Here’s How Much Americans Spend on Sports

Enthusiasts cough up for sporting events, equipment and gym memberships

Cheesehead-donning fans of the Green Bay Packers. Cheesehead-donning fans of the Green Bay Packers.

America’s sports-industrial complex took in more than $100 billion last year, according to a survey released Monday by CreditCards.com.

Sports enthusiasts’ spending included $55.9 billion for sporting events, $33.4 billion for athletic equipment, $19.2 billion for gym memberships, $8 billion for sports-themed games, $4.8 billion for race entry fees and $2.3 billion for fantasy sports leagues.

Princeton Survey Research Associates International conducted telephone interviews in English and Spanish in mid-August with 1,003 adults living in the continental U.S.

Thirty-six percent of millennials polled said they had paid for a gym membership during the past year, twice as often as older respondents.

In addition, 43% of the 18-to-53 age cohort paid to attend a sporting event in the preceding 12 months, compared with only 21% of those 53 and older.

Here’s how Americans’ sports spending broke down over the past 12 months:

  • 34% on sporting events, including tickets, transportation, food and beverages
  • 29% on athletic equipment
  • 23% for gym memberships
  • 12% for sports-themed video games
  • 8% to participate in a 5K, fun run, bicycle race or similar event
  • 4% for fantasy sports leagues

Not Just the Game

For most sports fans, a season ticket or admission to one event — not cheap to begin with — is only the beginning of a day’s outlay to attend a game, what with parking, refreshments and souvenirs.

CreditCards.com, citing a Tableau Public report, noted that a family of four put out an average of $503 in 2016 to attend an NFL game, up 232% from $151 in 1991.

That covered two adult tickets, two children’s tickets, two small beers, four small soft drinks, four hot dogs, two programs, two adult-size ball caps and parking.

The same family spent $339 in 2016 to attend an NBA game, up 139% from $142 in 1991, and got off relatively cheap to watch a Major League Baseball game, spending $219.53, up 176% from $79.41 in 1991.

“Americans love sports, but it’s no secret that attending a professional sporting event is a costly endeavor, even from the upper deck,” CreditCards.com senior industry analyst Matt Schulz said in a statement.

“That doesn’t seem to be stopping people from spending a ton on athletics, though, proving that ‘if you build it, they will come.’”

Although people of all ages attend sporting events, two age groups in particular were likeliest to put out the money for tickets and other items, according to the poll results.

Forty-six percent of respondents 30 to 49 said they had spent money on sport events, as had 37% of 18- to 29-year-olds, who most often chose the cheap seats.

For all age groups, college graduates with income of at least $75,000 were much more likely to buy tickets to sporting events and pay for related expenses.

Tomorrow’s Sports Stars

According to the survey, 46% of respondents with children younger than 18 said they had spent money on athletic equipment over the past year, compared with 22% of those without children.

Outfitting children to participate in sports comes with a hefty price tag, according to CreditCards.com.

It is not surprising that this spending was highest among better-off, better-educated American parents. Forty-two percent of these spenders were 30 to 49 years old.

The report cited Robert Herbst, a Larchmont, New York-based personal trainer, coach and champion powerlifter, who estimated that he had spent $2,000 a year on hockey equipment for his son, starting at age 4, easing off as the boy stopped growing.
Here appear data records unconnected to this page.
text \<open>Existence for symmetric A: with P the kernel projection, A + P is invertible with
  inverse C, and X = C - P satisfies A X = X A = I - P, from which the equations follow.\<close>
lemma penrose_exists:
  fixes A :: "real^'n^'n"
  assumes sym: "transpose A = A"
  shows "\<exists>X. penrose A X"
proof -
  obtain P where Psym: "transpose P = P" and PP: "P ** P = P" and AP: "A ** P = 0"
    and Pid: "\<And>x. A *v x = 0 \<Longrightarrow> P *v x = x"
    using kernel_projection_exists[of A] by blast
  have PA: "P ** A = 0"
    using arg_cong[OF AP, of transpose] by (simp add: matrix_transpose_mul Psym sym transpose_zero)
  define B where "B = A + P"
  have "inj ((*v) B)"
  proof (rule injI)
    fix x y assume "B *v x = B *v y"
    then have z: "B *v (x - y) = 0" by (simp add: matrix_vector_mult_diff_distrib)
    have "P *v (x - y) = (P ** B) *v (x - y)" unfolding B_def by (simp add: matrix_add_ldistrib PA PP)
    also have "\<dots> = 0" using z by (simp add: matrix_vector_mul_assoc[symmetric])
    finally have "P *v (x - y) = 0" .
    moreover have "A *v (x - y) = 0" using z calculation unfolding B_def
      by (simp add: matrix_vector_mult_add_rdistrib)
    ultimately show "x = y" using Pid[of "x - y"] by simp
  qed
  then obtain C where CB: "C ** B = mat 1"
    using matrix_left_invertible_injective by blast
  have BC: "B ** C = mat 1" using CB matrix_left_right_inverse by blast
  have CP: "C ** P = P"
    by (metis B_def CB matrix_add_rdistrib AP PP add_0 matrix_mul_assoc matrix_mul_lid)
  have PC: "P ** C = P"
    by (metis B_def BC matrix_add_ldistrib PA PP add_0 matrix_mul_assoc matrix_mul_rid)
  have AB: "A = B - P" unfolding B_def by simp
  define X where "X = C - P"
  have AX: "A ** X = mat 1 - P"
    unfolding X_def matrix_diff_ldistrib AP by (simp add: AB matrix_diff_rdistrib BC PC)
  have XA: "X ** A = mat 1 - P"
    unfolding X_def matrix_diff_rdistrib PA by (simp add: AB matrix_diff_ldistrib CB CP)
  have "penrose A X"
    unfolding penrose_def
  proof (intro conjI)
    show "A ** X ** A = A" using AX by (simp add: matrix_diff_rdistrib PA)
    show "X ** A ** X = X"
      using XA by (simp add: matrix_diff_rdistrib X_def matrix_diff_ldistrib PC PP)
    show "transpose (A ** X) = A ** X" using AX by (simp add: transpose_diff Psym)
    show "transpose (X ** A) = X ** A" using XA by (simp add: transpose_diff Psym)
  qed
  then show ?thesis by blast
qed

lemma pinv_penrose:
  fixes A :: "real^'n^'n"
  assumes "transpose A = A"
  shows "penrose A (pinv A)"
proof -
  have "\<exists>!X. penrose A X" using penrose_exists[OF assms] penrose_unique by blast
  then show ?thesis unfolding pinv_def penrose_def[symmetric] by (rule theI')
qed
His son’s skates cost $950 or more, hockey gloves $500 each, helmet $300, pants close to $200 and the sticks, which are prone to breakage, $250 or more. 

Herbst, who also manages his community’s summer Little League program, told CreditCards.com that he had seen parents spend more on athletic equipment than most people spend on a family dinner at a pricey restaurant, for example, $179 on a 9-year-old Little Leaguer’s baseball bat.
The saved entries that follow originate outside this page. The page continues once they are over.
(* Let $(X,\mathcal U)$ be a non-archimedean uniform space. For every $n\in\mathbb N$, the set $B_n$ of all elements of $A(X)$ of length at most $n$ is closed in $A_{NA}(X,\mathcal U)$.
   Context: A uniform space is non-archimedean if its (Hausdorff) uniformity has a base of equivalence relations. $A_{NA}(X,\mathcal U)$ is the free abelian non-archimedean group of $(X,\mathcal U)$: the abelian Hausdorff group with a local base at $0$ of open subgroups, realized on the free abelian group $A(X)$, such that every uniformly continuous map from $X$ into an abelian non-archimedean group extends uniquely to a continuous homomorphism. The length of a nonzero $w=\sum_{i=1}^n k_ix_i\in A(X)$ (distinct $x_i\in X$, $k_i\in\mathbb Z\setminus\{0\}$) is $\sum_i|k_i|$; the length of $0$ is $0$. *)

theory Defs
  imports "HOL-Analysis.Analysis" "HOL-Library.Poly_Mapping"
begin

text \<open>The uniform space X is the whole type 'a; a uniformity is a set of entourages.\<close>

definition uniformity :: "('a \<times> 'a) set set \<Rightarrow> bool" where
  "uniformity \<U> \<longleftrightarrow> \<U> \<noteq> {}
     \<and> (\<forall>U\<in>\<U>. Id \<subseteq> U)
     \<and> (\<forall>U\<in>\<U>. \<forall>V. U \<subseteq> V \<longrightarrow> V \<in> \<U>)
     \<and> (\<forall>U\<in>\<U>. \<forall>V\<in>\<U>. U \<inter> V \<in> \<U>)
     \<and> (\<forall>U\<in>\<U>. U\<inverse> \<in> \<U>)
     \<and> (\<forall>U\<in>\<U>. \<exists>V\<in>\<U>. V O V \<subseteq> U)"

definition hausdorff_uniformity :: "('a \<times> 'a) set set \<Rightarrow> bool" where
  "hausdorff_uniformity \<U> \<longleftrightarrow> uniformity \<U> \<and> \<Inter>\<U> = Id"

definition non_archimedean_uniformity :: "('a \<times> 'a) set set \<Rightarrow> bool" where
  "non_archimedean_uniformity \<U> \<longleftrightarrow> hausdorff_uniformity \<U>
     \<and> (\<forall>U\<in>\<U>. \<exists>E\<in>\<U>. equiv UNIV E \<and> E \<subseteq> U)"

text \<open>The free abelian group A(X) is realised as finitely supported maps (poly_mapping) to int; x is identified with single x 1.\<close>
abbreviation gen :: "'a \<Rightarrow> ('a \<Rightarrow>\<^sub>0 int)" where
  "gen x \<equiv> Poly_Mapping.single x 1"

definition word_length :: "('a \<Rightarrow>\<^sub>0 int) \<Rightarrow> nat" where
  "word_length w = (\<Sum>x\<in>Poly_Mapping.keys w. nat \<bar>Poly_Mapping.lookup w x\<bar>)"

definition is_subgroup :: "('a \<Rightarrow>\<^sub>0 int) set \<Rightarrow> bool" where
  "is_subgroup H \<longleftrightarrow> 0 \<in> H \<and> (\<forall>a\<in>H. \<forall>b\<in>H. a - b \<in> H)"

text \<open>Topology of A_NA(X,U): the finest group topology on A(X) with a base at 0 of
  open subgroups such that x \<mapsto> gen x is uniformly continuous.\<close>
definition free_na_open :: "('a \<times> 'a) set set \<Rightarrow> ('a \<Rightarrow>\<^sub>0 int) set \<Rightarrow> bool" where
  "free_na_open \<U> W \<longleftrightarrow>
     (\<forall>w\<in>W. \<exists>H. is_subgroup H \<and> {(x, y). gen x - gen y \<in> H} \<in> \<U>
                 \<and> (\<lambda>h. w + h) ` H \<subseteq> W)"

definition A_NA_topology :: "('a \<times> 'a) set set \<Rightarrow> ('a \<Rightarrow>\<^sub>0 int) topology" where
  "A_NA_topology \<U> = topology (free_na_open \<U>)"

end

theory Submission
  imports Defs
begin

text \<open>Let w have length > n.  Choose an equivalence entourage E separating the finitely many
  points of the support of w, and let H be the subgroup of words whose coefficients add up to 0
  on every E-class.  H is a basic neighbourhood of 0, since gen x - gen y \<in> H whenever (x, y) \<in> E.
  For h \<in> H, summing the coefficients of w + h over the E-class of a support point s of w gives
  back the coefficient of s in w; as the classes are disjoint, w + h is at least as long as w.
  So w + H misses the set of words of length \<le> n, whose complement is therefore open.\<close>

lemma uniformity_upward_closed:
  assumes "uniformity \<U>" "U \<in> \<U>" "U \<subseteq> V"
  shows "V \<in> \<U>"
proof -
  have "\<forall>U\<in>\<U>. \<forall>V. U \<subseteq> V \<longrightarrow> V \<in> \<U>"
    using assms(1) by (simp add: uniformity_def)
  with assms(2,3) show ?thesis by blast
qed

lemma uniformity_Int:
  assumes "uniformity \<U>" "U \<in> \<U>" "V \<in> \<U>"
  shows "U \<inter> V \<in> \<U>"
proof -
  have "\<forall>U\<in>\<U>. \<forall>V\<in>\<U>. U \<inter> V \<in> \<U>"
    using assms(1) by (simp add: uniformity_def)
  with assms(2,3) show ?thesis by blast
qed

lemma uniformity_UNIV:
  assumes "uniformity \<U>"
  shows "UNIV \<in> \<U>"
proof -
  obtain U where "U \<in> \<U>"
    using assms by (auto simp: uniformity_def)
  then show ?thesis
    using uniformity_upward_closed[OF assms] by blast
qed

lemma uniformity_Inter_finite:
  assumes U: "uniformity \<U>" and "finite F" "F \<subseteq> \<U>"
  shows "\<Inter>F \<in> \<U>"
  using assms(2,3)
  by (induction F rule: finite_induct) (auto simp: uniformity_UNIV[OF U] uniformity_Int[OF U])

lemma non_archimedean_uniformity_imp_uniformity:
  "non_archimedean_uniformity \<U> \<Longrightarrow> uniformity \<U>"
  unfolding non_archimedean_uniformity_def hausdorff_uniformity_def by simp

lemma non_archimedean_separating_equiv:
  assumes NA: "non_archimedean_uniformity \<U>" and fin: "finite S"
  obtains E where "E \<in> \<U>" "equiv UNIV E" "\<And>s t. s \<in> S \<Longrightarrow> t \<in> S \<Longrightarrow> (s, t) \<in> E \<Longrightarrow> s = t"
proof -
  have U: "uniformity \<U>"
    using NA by (rule non_archimedean_uniformity_imp_uniformity)
  have Id: "\<Inter>\<U> = Id"
    using NA unfolding non_archimedean_uniformity_def hausdorff_uniformity_def by (elim conjE)
  let ?P = "{p \<in> S \<times> S. fst p \<noteq> snd p}"
  have "\<forall>p\<in>?P. \<exists>V. V \<in> \<U> \<and> p \<notin> V"
  proof
    fix p assume "p \<in> ?P"
    then have "p \<notin> \<Inter>\<U>"
      unfolding Id by (cases p) auto
    then show "\<exists>V. V \<in> \<U> \<and> p \<notin> V"
      by blast
  qed
  from bchoice[OF this] obtain V where V: "\<forall>p\<in>?P. V p \<in> \<U> \<and> p \<notin> V p"
    by blast
  have "finite ?P"
    by (rule finite_subset[of _ "S \<times> S"]) (use fin in auto)
  then have "\<Inter>(V ` ?P) \<in> \<U>"
    using V by (intro uniformity_Inter_finite[OF U]) auto
  then obtain E where E: "E \<in> \<U>" "equiv UNIV E" "E \<subseteq> \<Inter>(V ` ?P)"
    using NA unfolding non_archimedean_uniformity_def by blast
  have "s = t" if "s \<in> S" "t \<in> S" "(s, t) \<in> E" for s t
  proof (rule ccontr)
    assume "s \<noteq> t"
    then have "(s, t) \<in> ?P" using that(1,2) by simp
    with V E(3) that(3) show False by blast
  qed
  with E(1,2) show thesis by (rule that)
qed

lemma istopology_free_na_open:
  assumes U: "uniformity \<U>"
  shows "istopology (free_na_open \<U>)"
  unfolding istopology_def
proof (intro conjI allI impI)
  fix S T assume S: "free_na_open \<U> S" and T: "free_na_open \<U> T"
  show "free_na_open \<U> (S \<inter> T)"
    unfolding free_na_open_def
  proof
    fix w assume w: "w \<in> S \<inter> T"
    obtain H1 where H1: "is_subgroup H1" "{(x, y). gen x - gen y \<in> H1} \<in> \<U>" "(\<lambda>h. w + h) ` H1 \<subseteq> S"
      using S w unfolding free_na_open_def by blast
    obtain H2 where H2: "is_subgroup H2" "{(x, y). gen x - gen y \<in> H2} \<in> \<U>" "(\<lambda>h. w + h) ` H2 \<subseteq> T"
      using T w unfolding free_na_open_def by blast
    have "{(x, y). gen x - gen y \<in> H1 \<inter> H2} = {(x, y). gen x - gen y \<in> H1} \<inter> {(x, y). gen x - gen y \<in> H2}"
      by auto
    then have "{(x, y). gen x - gen y \<in> H1 \<inter> H2} \<in> \<U>"
      using uniformity_Int[OF U H1(2) H2(2)] by simp
    moreover have "is_subgroup (H1 \<inter> H2)"
      using H1(1) H2(1) unfolding is_subgroup_def by auto
    moreover have "(\<lambda>h. w + h) ` (H1 \<inter> H2) \<subseteq> S \<inter> T"
      using H1(3) H2(3) by auto
    ultimately show "\<exists>H. is_subgroup H \<and> {(x, y). gen x - gen y \<in> H} \<in> \<U> \<and> (\<lambda>h. w + h) ` H \<subseteq> S \<inter> T"
      by blast
  qed
next
  fix \<K> assume \<K>: "\<forall>K\<in>\<K>. free_na_open \<U> K"
  show "free_na_open \<U> (\<Union>\<K>)"
    unfolding free_na_open_def
  proof
    fix w assume "w \<in> \<Union>\<K>"
    then obtain K where "K \<in> \<K>" "w \<in> K" by blast
    then obtain H where "is_subgroup H" "{(x, y). gen x - gen y \<in> H} \<in> \<U>" "(\<lambda>h. w + h) ` H \<subseteq> K"
      using \<K> unfolding free_na_open_def by blast
    with \<open>K \<in> \<K>\<close> show "\<exists>H. is_subgroup H \<and> {(x, y). gen x - gen y \<in> H} \<in> \<U> \<and> (\<lambda>h. w + h) ` H \<subseteq> \<Union>\<K>"
      by blast
  qed
qed

lemma openin_A_NA_topology:
  "uniformity \<U> \<Longrightarrow> openin (A_NA_topology \<U>) = free_na_open \<U>"
  unfolding A_NA_topology_def by (simp add: istopology_free_na_open)

lemma topspace_A_NA_topology:
  assumes U: "uniformity \<U>"
  shows "topspace (A_NA_topology \<U>) = UNIV"
proof -
  have "is_subgroup UNIV"
    by (simp add: is_subgroup_def)
  then have "free_na_open \<U> UNIV"
    using uniformity_UNIV[OF U] unfolding free_na_open_def by auto
  then show ?thesis
    unfolding topspace_def openin_A_NA_topology[OF U] by blast
qed

definition coeff_sum :: "'a set \<Rightarrow> ('a \<Rightarrow>\<^sub>0 int) \<Rightarrow> int" where
  "coeff_sum C v = (\<Sum>x\<in>Poly_Mapping.keys v \<inter> C. Poly_Mapping.lookup v x)"

lemma coeff_sum_superset_keys:
  assumes "finite K" "Poly_Mapping.keys v \<subseteq> K"
  shows "coeff_sum C v = (\<Sum>x\<in>K \<inter> C. Poly_Mapping.lookup v x)"
  unfolding coeff_sum_def
  by (rule sum.mono_neutral_left) (use assms in \<open>auto simp: in_keys_iff\<close>)

lemma coeff_sum_add: "coeff_sum C (a + b) = coeff_sum C a + coeff_sum C b"
proof -
  let ?K = "Poly_Mapping.keys a \<union> Poly_Mapping.keys b"
  have "finite ?K" by simp
  moreover have "Poly_Mapping.keys (a + b) \<subseteq> ?K"
    using keys_add[of a b] .
  ultimately show ?thesis
    by (simp add: coeff_sum_superset_keys[of ?K] lookup_add sum.distrib)
qed

lemma coeff_sum_diff: "coeff_sum C (a - b) = coeff_sum C a - coeff_sum C b"
  using coeff_sum_add[of C a "- b"] by (simp add: coeff_sum_def sum_negf)

lemma coeff_sum_zero [simp]: "coeff_sum C 0 = 0"
  by (simp add: coeff_sum_def)

lemma coeff_sum_gen: "coeff_sum C (gen x) = (if x \<in> C then 1 else 0)"
  by (simp add: coeff_sum_def lookup_single)

lemma int_word_length:
  "int (word_length v) = (\<Sum>x\<in>Poly_Mapping.keys v. \<bar>Poly_Mapping.lookup v x\<bar>)"
  unfolding word_length_def by (simp add: of_nat_sum)

lemma sum_abs_coeff_sum_le_word_length:
  assumes "finite S" "disjoint_family_on C S"
  shows "(\<Sum>s\<in>S. \<bar>coeff_sum (C s) v\<bar>) \<le> int (word_length v)"
proof -
  let ?a = "\<lambda>x. \<bar>Poly_Mapping.lookup v x\<bar>"
  have "(\<Sum>s\<in>S. \<bar>coeff_sum (C s) v\<bar>) \<le> (\<Sum>s\<in>S. \<Sum>x\<in>Poly_Mapping.keys v \<inter> C s. ?a x)"
    unfolding coeff_sum_def by (intro sum_mono sum_abs)
  also have "\<dots> = (\<Sum>x\<in>(\<Union>s\<in>S. Poly_Mapping.keys v \<inter> C s). ?a x)"
    using assms by (intro sum.UNION_disjoint_family[symmetric]) (auto simp: disjoint_family_on_def)
  also have "\<dots> \<le> (\<Sum>x\<in>Poly_Mapping.keys v. ?a x)"
    by (rule sum_mono2) auto
  also have "\<dots> = int (word_length v)"
    by (rule int_word_length[symmetric])
  finally show ?thesis .
qed

definition class_kernel :: "('a \<times> 'a) set \<Rightarrow> ('a \<Rightarrow>\<^sub>0 int) set" where
  "class_kernel E = {v. \<forall>z. coeff_sum (E `` {z}) v = 0}"

lemma is_subgroup_class_kernel: "is_subgroup (class_kernel E)"
  unfolding is_subgroup_def class_kernel_def by (simp add: coeff_sum_diff)

lemma gen_diff_in_class_kernel:
  assumes "equiv UNIV E" "(x, y) \<in> E"
  shows "gen x - gen y \<in> class_kernel E"
proof -
  have "(z, x) \<in> E \<longleftrightarrow> (z, y) \<in> E" for z
    using assms unfolding equiv_def by (meson symE transE)
  then show ?thesis
    unfolding class_kernel_def by (simp add: coeff_sum_diff coeff_sum_gen Image_singleton)
qed

lemma word_length_le_add_class_kernel:
  assumes E: "equiv UNIV E"
    and sep: "\<And>s t. s \<in> Poly_Mapping.keys w \<Longrightarrow> t \<in> Poly_Mapping.keys w \<Longrightarrow> (s, t) \<in> E \<Longrightarrow> s = t"
    and h: "h \<in> class_kernel E"
  shows "word_length w \<le> word_length (w + h)"
proof -
  let ?S = "Poly_Mapping.keys w" and ?C = "\<lambda>s. E `` {s}"
  have "coeff_sum (?C s) (w + h) = Poly_Mapping.lookup w s" if s: "s \<in> ?S" for s
  proof -
    have "?S \<inter> ?C s = {s}"
      using sep s E unfolding equiv_def refl_on_def by (auto dest: symD)
    then have "coeff_sum (?C s) w = Poly_Mapping.lookup w s"
      by (simp add: coeff_sum_def)
    moreover have "coeff_sum (?C s) h = 0"
      using h by (simp add: class_kernel_def)
    ultimately show ?thesis
      by (simp add: coeff_sum_add)
  qed
  moreover have "disjoint_family_on ?C ?S"
    unfolding disjoint_family_on_def
  proof (intro ballI impI)
    fix s t assume "s \<in> ?S" "t \<in> ?S" "s \<noteq> t"
    then have "(s, t) \<notin> E" using sep by blast
    then show "?C s \<inter> ?C t = {}"
      using E unfolding equiv_def by (auto dest: symD transD)
  qed
  then have "(\<Sum>s\<in>?S. \<bar>coeff_sum (?C s) (w + h)\<bar>) \<le> int (word_length (w + h))"
    by (intro sum_abs_coeff_sum_le_word_length) simp
  ultimately show ?thesis
    by (simp add: int_word_length[of w, symmetric])
qed

lemma free_na_open_word_length_gt:
  fixes \<U> :: "('a \<times> 'a) set set"
  assumes NA: "non_archimedean_uniformity \<U>"
  shows "free_na_open \<U> {w. n < word_length w}"
  unfolding free_na_open_def
proof
  fix w :: "'a \<Rightarrow>\<^sub>0 int"
  assume w: "w \<in> {w. n < word_length w}"
  obtain E where E: "E \<in> \<U>" "equiv UNIV E"
    and sep: "\<And>s t. s \<in> Poly_Mapping.keys w \<Longrightarrow> t \<in> Poly_Mapping.keys w \<Longrightarrow> (s, t) \<in> E \<Longrightarrow> s = t"
    using non_archimedean_separating_equiv[OF NA finite_keys] by blast
  have "E \<subseteq> {(x, y). gen x - gen y \<in> class_kernel E}"
    using gen_diff_in_class_kernel[OF E(2)] by blast
  then have "{(x, y). gen x - gen y \<in> class_kernel E} \<in> \<U>"
    using uniformity_upward_closed[OF non_archimedean_uniformity_imp_uniformity[OF NA] E(1)] by blast
  moreover have "(\<lambda>h. w + h) ` class_kernel E \<subseteq> {w. n < word_length w}"
    using w word_length_le_add_class_kernel[OF E(2) sep] by (auto intro: less_le_trans)
  ultimately show "\<exists>H. is_subgroup H \<and> {(x, y). gen x - gen y \<in> H} \<in> \<U>
                       \<and> (\<lambda>h. w + h) ` H \<subseteq> {w. n < word_length w}"
    using is_subgroup_class_kernel by blast
qed

theorem lemma4p19:
  fixes \<U> :: "('a \<times> 'a) set set" and n :: nat
  assumes "non_archimedean_uniformity \<U>"
  shows "closedin (A_NA_topology \<U>) {w. word_length w \<le> n}"
proof -
  have U: "uniformity \<U>"
    using assms by (rule non_archimedean_uniformity_imp_uniformity)
  have "openin (A_NA_topology \<U>) (UNIV - {w. word_length w \<le> n})"
    using free_na_open_word_length_gt[OF assms, of n]
    by (simp add: openin_A_NA_topology[OF U] set_diff_eq not_le)
  then show ?thesis
    unfolding closedin_def topspace_A_NA_topology[OF U] by simp
qed

end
Matt Gellene, an executive at Bank of America’s investment arm Merrill Edge, recommended that sports-related spending be done thoughtfully.

“There’s nothing wrong with investing in items like tickets to a football game, new sporting equipment for yourself or your children and unlimited gym memberships,” Gellene told CreditCards.com.

These expenditures should be budgeted for, Gellene said. “And don’t forget about saving for your long-term financial goals, such as buying a home or saving for retirement.”

He suggested setting up a savings strategy several months before buying tickets for a favorite team’s big game of the year, and using the same approach to buy the expensive bat for one’s 9-year-old.